TASK TO COMPLETE: Transcribe verbatim the span of lines that opens with the line containing "define E where" and closes with the last line of the data below.
BEGIN
(* Assume CH. There exists a set $A\subseteq\mathbb{R}^2$ which is a Hamel basis of $\mathbb{R}^2$ over $\mathbb{Q}$ and such that for every straight line $l\subseteq\mathbb{R}^2$ and every isometry $T:\mathbb{R}\to l$ onto $l$, the set $T^{-1}(A\cap l)$ is a strong Sierpiński subset of $\mathbb{R}$.
   Context: A Sierpiński set is $S\subseteq\mathbb{R}$ with $|S|=\mathfrak{c}$ such that $S\cap N$ is countable for every Lebesgue-null $N\subseteq\mathbb{R}$; it is strong Sierpiński if moreover $S\cap B$ is uncountable for every Borel $B\subseteq\mathbb{R}$ of positive Lebesgue measure. A Hamel basis of $\mathbb{R}^2$ is a basis over $\mathbb{Q}$. *)

theory Defs
  imports "HOL-Analysis.Analysis" "HOL-Library.Equipollence"
begin

definition CH :: bool where
  "CH \<longleftrightarrow> (\<forall>S :: real set. uncountable S \<longrightarrow> S \<approx> (UNIV :: real set))"

definition qscale :: "rat \<Rightarrow> real \<times> real \<Rightarrow> real \<times> real" where
  "qscale q x = of_rat q *\<^sub>R x"

definition hamel_basis_R2 :: "(real \<times> real) set \<Rightarrow> bool" where
  "hamel_basis_R2 A \<longleftrightarrow> \<not> module.dependent qscale A \<and> module.span qscale A = UNIV"

definition sierpinski_set :: "real set \<Rightarrow> bool" where
  "sierpinski_set S \<longleftrightarrow> S \<approx> (UNIV :: real set) \<and>
     (\<forall>N \<in> null_sets lebesgue. countable (S \<inter> N))"

definition strong_sierpinski_set :: "real set \<Rightarrow> bool" where
  "strong_sierpinski_set S \<longleftrightarrow> sierpinski_set S \<and>
     (\<forall>B \<in> sets borel. emeasure lborel B > 0 \<longrightarrow> uncountable (S \<inter> B))"

definition is_line :: "(real \<times> real) set \<Rightarrow> bool" where
  "is_line l \<longleftrightarrow> (\<exists>p v. v \<noteq> 0 \<and> l = {p + t *\<^sub>R v | t. True})"
lemma ess_inf_le_poincare_const:
  assumes L2: "in_L2 a b p h" and deriv: "weak_deriv (oiv a b) h h'"
    and neg: "AE x in lborel. x \<in> oiv a b \<longrightarrow> h' x < 0"
  shows "ess_inf_on (oiv a b) (poincare_ratio h h') \<le> poincare_const a b p w"
proof (cases "ess_inf_on (oiv a b) (poincare_ratio h h') \<le> 0")
  case True
  then show ?thesis using poincare_const_nonneg by (rule order_trans)
next
  case False
  define E where "E = (\<integral>\<^sup>+t\<in>oiv a b. ennreal ((h' t)\<^sup>2 * w t * p t) \<partial>lborel)"
  have "ess_inf_on (oiv a b) (poincare_ratio h h') \<noteq> \<infinity>"
  proof
    assume "ess_inf_on (oiv a b) (poincare_ratio h h') = \<infinity>"
    with AE_ess_inf_on_le[of "oiv a b" "poincare_ratio h h'"]
    have "AE t in lborel. t \<notin> oiv a b" by auto
    with not_AE_notin_oiv[OF ab] show False ..
  qed
  with False obtain y where y: "ess_inf_on (oiv a b) (poincare_ratio h h') = ereal y" "0 < y"
    by (cases "ess_inf_on (oiv a b) (poincare_ratio h h')") auto
  have bound: "ennreal y * E \<le> ennreal (Varp a b p h)"
    unfolding E_def by (rule ess_inf_mult_energy_le_Varp[OF L2 deriv neg]) (simp add: y)
  have "E \<noteq> 0"
    unfolding E_def by (rule energy_ne_zero[OF weak_deriv_zero_ext_measurable[OF deriv] neg])
  moreover have "E \<noteq> \<infinity>"
    using bound \<open>0 < y\<close> by (auto simp: ennreal_mult_eq_top_iff top_unique)
  ultimately obtain e where e: "E = ennreal e" "0 < e"
    by (cases E) (auto simp: ennreal_eq_0_iff)
  have "ennreal (y * e) \<le> ennreal (Varp a b p h)"
    using bound e y by (simp add: ennreal_mult'[symmetric])
  with mult_pos_pos[OF y(2) e(2)] have "y * e \<le> Varp a b p h"
    by (auto simp: ennreal_le_iff2)
  with e have "ereal y \<le> ereal (Varp a b p h / e)"
    by (simp add: pos_le_divide_eq)
  also have "\<dots> \<le> poincare_const a b p w"
    using in_H1_if_energy_finite[OF L2 deriv] \<open>E \<noteq> \<infinity>\<close> e
    by (intro Varp_div_energy_le_poincare_const) (auto simp: E_def energy_def)
  finally show ?thesis unfolding y .
qed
END
YOUR SOLUTION:
  define E where "E = (\<integral>\<^sup>+t\<in>oiv a b. ennreal ((h' t)\<^sup>2 * w t * p t) \<partial>lborel)"
  have "ess_inf_on (oiv a b) (poincare_ratio h h') \<noteq> \<infinity>"
  proof
    assume "ess_inf_on (oiv a b) (poincare_ratio h h') = \<infinity>"
    with AE_ess_inf_on_le[of "oiv a b" "poincare_ratio h h'"]
    have "AE t in lborel. t \<notin> oiv a b" by auto
    with not_AE_notin_oiv[OF ab] show False ..
  qed
  with False obtain y where y: "ess_inf_on (oiv a b) (poincare_ratio h h') = ereal y" "0 < y"
    by (cases "ess_inf_on (oiv a b) (poincare_ratio h h')") auto
  have bound: "ennreal y * E \<le> ennreal (Varp a b p h)"
    unfolding E_def by (rule ess_inf_mult_energy_le_Varp[OF L2 deriv neg]) (simp add: y)
  have "E \<noteq> 0"
    unfolding E_def by (rule energy_ne_zero[OF weak_deriv_zero_ext_measurable[OF deriv] neg])
  moreover have "E \<noteq> \<infinity>"
    using bound \<open>0 < y\<close> by (auto simp: ennreal_mult_eq_top_iff top_unique)
  ultimately obtain e where e: "E = ennreal e" "0 < e"
    by (cases E) (auto simp: ennreal_eq_0_iff)
  have "ennreal (y * e) \<le> ennreal (Varp a b p h)"
    using bound e y by (simp add: ennreal_mult'[symmetric])
  with mult_pos_pos[OF y(2) e(2)] have "y * e \<le> Varp a b p h"
    by (auto simp: ennreal_le_iff2)
  with e have "ereal y \<le> ereal (Varp a b p h / e)"
    by (simp add: pos_le_divide_eq)
  also have "\<dots> \<le> poincare_const a b p w"
    using in_H1_if_energy_finite[OF L2 deriv] \<open>E \<noteq> \<infinity>\<close> e
    by (intro Varp_div_energy_le_poincare_const) (auto simp: E_def energy_def)
  finally show ?thesis unfolding y .
qed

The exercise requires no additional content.